Ronald V. Alvarez of Ronald V. Alvarez, P.A., West Palm Beach, for respondents.

PER CURIAM.

We have for review Salas v. Palm Beach County Board of County Commissioners, 484 So.2d 1302 (Fla. 4th DCA 1986), which expressly and directly conflicts with City of Jacksonville v. DeRay, 418 So.2d 1035 (Fla. 1st DCA 1982), review denied, 429 So.2d 5 (Fla.1983). This Court has jurisdiction pursuant to article V, section 3(b)(3), Florida Constitution. The issue in this case is whether a governmental entity may be held liable for failing to take reasonably necessary steps at a road maintenance work site to protect the safety of passing motorists. We answer this question in the affirmative. We also hold that a directed verdict in favor of the county was improper. Accordingly, we approve the opinion of the district court.

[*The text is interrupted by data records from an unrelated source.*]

lemma W_ge_1:
  assumes "0 \<le> \<alpha>" "\<alpha> \<le> 1"
  shows "1 \<le> W \<alpha>"
  unfolding wasserstein_eq_Inf
proof (rule cInf_greatest)
  show "transport_cost V H ` couplings V (lly_measure H \<alpha> u) (lly_measure H \<alpha> v) \<noteq> {}"
    using couplings_nonempty[OF assms] by simp
next
  fix c assume "c \<in> transport_cost V H ` couplings V (lly_measure H \<alpha> u) (lly_measure H \<alpha> v)"
  then obtain \<pi> where \<pi>: "\<pi> \<in> couplings V (lly_measure H \<alpha> u) (lly_measure H \<alpha> v)"
    and c: "c = transport_cost V H \<pi>" by blast
  have "(\<Sum>z\<in>V. lly_measure H \<alpha> v z * potential z) - (\<Sum>z\<in>V. lly_measure H \<alpha> u z * potential z) \<le> c"
    unfolding c using finite_V \<pi>
    by (rule transport_cost_ge_potential) (auto intro: potential_lipschitz simp: lly_measure_def split: if_splits)
  moreover have "1 / real (deg H v) + 2 / real (deg H u) \<le> 1"
  proof -
    have "1 / real (deg H v) \<le> 1 / 3" "2 / real (deg H u) \<le> 2 / 3"
      using deg_u deg_v by (simp_all add: divide_simps)
    then show ?thesis by linarith
  qed
  then have "(1 - \<alpha>) * (1 / real (deg H v) + 2 / real (deg H u)) \<le> 1 - \<alpha>"
    using assms by (simp add: mult_left_le)
  ultimately show "1 \<le> c"
    by (simp add: expected_potential_u expected_potential_v algebra_simps)
qed

lemma kappa_lly_nonpos: "kappa_lly V H u v \<le> 0"
  using W_ge_1 by (intro kappa_lly_nonposI) (simp add: kappa_alpha_def)

end

section \<open>Branches of a tree\<close>

definition avoiding :: "('a \<Rightarrow> 'a \<Rightarrow> bool) \<Rightarrow> 'a set \<Rightarrow> 'a \<Rightarrow> 'a \<Rightarrow> bool" where
  "avoiding E S a b \<longleftrightarrow> E a b \<and> a \<notin> S \<and> b \<notin> S"

lemma mem_tcomp_iff: "z \<in> tcomp V T x y \<longleftrightarrow> z \<in> V \<and> z \<noteq> x \<and> (avoiding T {x})\<^sup>*\<^sup>* y z"
proof -
  have "(\<lambda>a b. T a b \<and> a \<noteq> x \<and> b \<noteq> x) = avoiding T {x}"
    by (auto simp: avoiding_def fun_eq_iff)
  then show ?thesis unfolding tcomp_def ex_walk_of_len_iff_rtranclp by auto
qed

On September 12, 1979, a Palm Beach County land survey crew was dispatched to the intersection of Australian Avenue and Belvedere Road to work on a road alignment project. During the course of its work, the survey crew found it necessary to occupy the left turn lane of eastbound Belvedere Road. The crew blocked off the turn lane with orange traffic cones, thereby making the vehicle-activated left turn signal a perpetual red light. The crew did not, however, erect any signs prohibiting left turns from the remaining lanes. Belvedere Road has two other eastbound lanes in addition to the turn lane and the evidence is unclear as to whether the orange cones also blocked off the center lane. While the road work was underway, Marie Blount was traveling east on Belvedere Road with the intention of making a left turn onto Australian Avenue. Seeing the turn lane blocked off, she moved to the extreme right lane and made a left turn from there. When she did so, she failed to note a car traveling west on Belvedere, driven by Alma Salas. The two vehicles collided and Mrs. Salas was injured in the collision.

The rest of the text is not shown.